Until the COVID-19 pandemic hit, these efforts had been proceeding at pace. Nepal became the first country to introduce routine immunisation with IPV with Gavi support in 2014. Within five years all Gavi-supported countries had successfully completed their introductions – collectively immunising more than 112 million children.
However, the COVID-19 pandemic has set back the delivery of all routine childhood immunisations. “The big area of concern has been the jump from just under 19 million children who were categorised as zero-dose – meaning they are not receiving a single dose of routine vaccines – to more than 25 million,” said O’ Leary.
The final mile
Contained within GPEI’s new roadmap, The Polio Eradication Strategy 2022–2026, is a commitment to reverse this trend by rapidly rebuilding coverage rates in those areas where shortfalls are being recorded.
Whether GPEI and its partners can really make up enough ground to stop the transmission of wild poliovirus globally by the end of 2023, remains to be seen, but their resolve and commitment to go the final mile is unwavering.

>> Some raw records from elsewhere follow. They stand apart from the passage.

(* (Euler's Homogeneous Theorem) Let $f$ be a function on the Cartesian $\mathbb Z_2^n$-manifold $\mathbb R^{p|\mathbf q}$ which is $\nabla^{p|\mathbf q}$-homogeneous of weight $1$, i.e. $\nabla^{p|\mathbf q}(f)=f$, where $\nabla^{p|\mathbf q}=\sum_a x^a\partial_{x^a}+\sum_\alpha\xi^\alpha\partial_{\xi^\alpha}$. Then there exist real numbers $F_a,G_\alpha\in\mathbb R$ such that $f=\sum_aF_ax^a+\sum_\alpha G_\alpha\xi^\alpha$.
   Context: Fix $n\ge 1$. The Cartesian $\mathbb Z_2^n$-manifold of dimension $p|\mathbf q$, $\mathbf q=(q_1,\dots,q_{2^n-1})$, is $\mathbb R^{p|\mathbf q}=(\mathbb R^p,C^\infty_{\mathbb R^p}[[\xi]])$, where $x^a$ are the standard linear coordinates on $\mathbb R^p$ (degree $0$) and $\xi^\alpha$ are formal coordinates, $q_i$ of them of the $i$-th non-zero degree in $\mathbb Z_2^n$, with $\xi^\alpha\xi^\beta=(-1)^{\langle\deg\xi^\alpha,\deg\xi^\beta\rangle}\xi^\beta\xi^\alpha$ ($\langle\cdot,\cdot\rangle$ the dot product mod 2; variables with odd self-pairing square to zero, the others generate formal power series). Functions on $\mathbb R^{p|\mathbf q}$ are global sections $f=\sum_{\boldsymbol\alpha}\xi^{\boldsymbol\alpha}f_{\boldsymbol\alpha}(x)$ (multi-index notation, $f_{\boldsymbol\alpha}$ smooth on $\mathbb R^p$). $\partial_{x^a}$ is the usual partial derivative acting on coefficients; $\partial_{\xi^\alpha}$ is the graded derivation with $\partial_{\xi^\alpha}\xi^\beta=\delta^\beta_\alpha$, extended by the graded Leibniz rule with signs $(-1)^{\langle\deg\xi^\alpha,\cdot\rangle}$. *)

theory Defs
  imports "HOL-Analysis.Analysis"
begin

text \<open>The even coordinates x^a are indexed by a finite
  type 'p (points are real^'p).  The formal coordinates are xi^0,...,xi^(N-1); each xi^b has
  degree dg b, a nonzero element of Z_2^n encoded as a nonempty subset of {..<n}
  (the set of positions where the bit is 1).  The numbers q_i are the multiplicities of
  the nonzero degrees among dg 0, ..., dg (N-1).\<close>

definition zpair :: "nat set \<Rightarrow> nat set \<Rightarrow> nat" where
  "zpair u v = card (u \<inter> v) mod 2"

definition valid_mi :: "nat \<Rightarrow> (nat \<Rightarrow> nat set) \<Rightarrow> (nat \<Rightarrow> nat) \<Rightarrow> bool" where
  "valid_mi N dg al \<longleftrightarrow> (\<forall>g\<ge>N. al g = 0) \<and> (\<forall>g<N. zpair (dg g) (dg g) = 1 \<longrightarrow> al g \<le> 1)"

definition unit_mi :: "nat \<Rightarrow> nat \<Rightarrow> nat" where
  "unit_mi b = (\<lambda>g. if g = b then 1 else 0)"

text \<open>Sign obtained by moving xi^b past the monomial prod_{g<b} (xi^g)^(al g).\<close>
definition msign :: "(nat \<Rightarrow> nat set) \<Rightarrow> nat \<Rightarrow> (nat \<Rightarrow> nat) \<Rightarrow> real" where
  "msign dg b al = (-1) ^ (\<Sum>g<b. al g * zpair (dg b) (dg g))"

definition pdiff :: "'p::finite \<Rightarrow> (real^'p \<Rightarrow> real) \<Rightarrow> real^'p \<Rightarrow> real" where
  "pdiff a g = (\<lambda>x. deriv (\<lambda>t. g (x + t *\<^sub>R axis a 1)) 0)"

fun pdiffs :: "'p::finite list \<Rightarrow> (real^'p \<Rightarrow> real) \<Rightarrow> real^'p \<Rightarrow> real" where
  "pdiffs [] g = g"
| "pdiffs (a # as) g = pdiff a (pdiffs as g)"

definition smooth_fn :: "(real^'p::finite \<Rightarrow> real) \<Rightarrow> bool" where
  "smooth_fn g \<longleftrightarrow> (\<forall>as. continuous_on UNIV (pdiffs as g) \<and>
      (\<forall>a x. (\<lambda>t. pdiffs as g (x + t *\<^sub>R axis a 1)) differentiable (at 0)))"

text \<open>A function f = sum_al xi^al f_al(x) on R^{p|q} is represented by its coefficient family
  al \<mapsto> f_al; coefficients at non-admissible multi-indices are 0.\<close>
type_synonym 'p sfun = "(nat \<Rightarrow> nat) \<Rightarrow> real^'p \<Rightarrow> real"

definition is_fun :: "nat \<Rightarrow> (nat \<Rightarrow> nat set) \<Rightarrow> 'p::finite sfun \<Rightarrow> bool" where
  "is_fun N dg f \<longleftrightarrow> (\<forall>al. if valid_mi N dg al then smooth_fn (f al) else f al = (\<lambda>x. 0))"

definition sadd :: "'p::finite sfun \<Rightarrow> 'p sfun \<Rightarrow> 'p sfun" where
  "sadd f g = (\<lambda>al x. f al x + g al x)"

definition d_x :: "'p::finite \<Rightarrow> 'p sfun \<Rightarrow> 'p sfun" where
  "d_x a f = (\<lambda>al. pdiff a (f al))"

definition mul_x :: "'p::finite \<Rightarrow> 'p sfun \<Rightarrow> 'p sfun" where
  "mul_x a f = (\<lambda>al x. x $ a * f al x)"

text \<open>partial_{xi^b}: d/dxi^b (xi^(al+e_b)) = msign * (al b + 1) * xi^al\<close>
definition d_xi :: "nat \<Rightarrow> (nat \<Rightarrow> nat set) \<Rightarrow> nat \<Rightarrow> 'p::finite sfun \<Rightarrow> 'p sfun" where
  "d_xi N dg b f = (\<lambda>al x. if b < N \<and> valid_mi N dg al \<and> valid_mi N dg (\<lambda>g. al g + unit_mi b g)
      then msign dg b al * real (al b + 1) * f (\<lambda>g. al g + unit_mi b g) x else 0)"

“It’s not the first time such targets have been offered. But what’s different this time around is that, in addition to mass vaccination campaigns, the initiative’s new strategy will be intensely focused on finding targeted ways to reach missed communities and take advantage of opportunities to become more integrated with other essential services,” said Seth Berkley, Gavi’s CEO. “In these communities, children are not just consistently missing out on protection from polio, they are also missing out on a whole range of other critical health interventions and other vaccines.”
If the eradication of polio is successful, it would only be the second human disease, after smallpox, to have been scrubbed from the face of Earth. “Notwithstanding all the doom and gloom with the COVID-19 pandemic and other challenges, it really is feasible – if we remain very focused on that goal,” said O’Leary. “And it absolutely requires both types of vaccine.”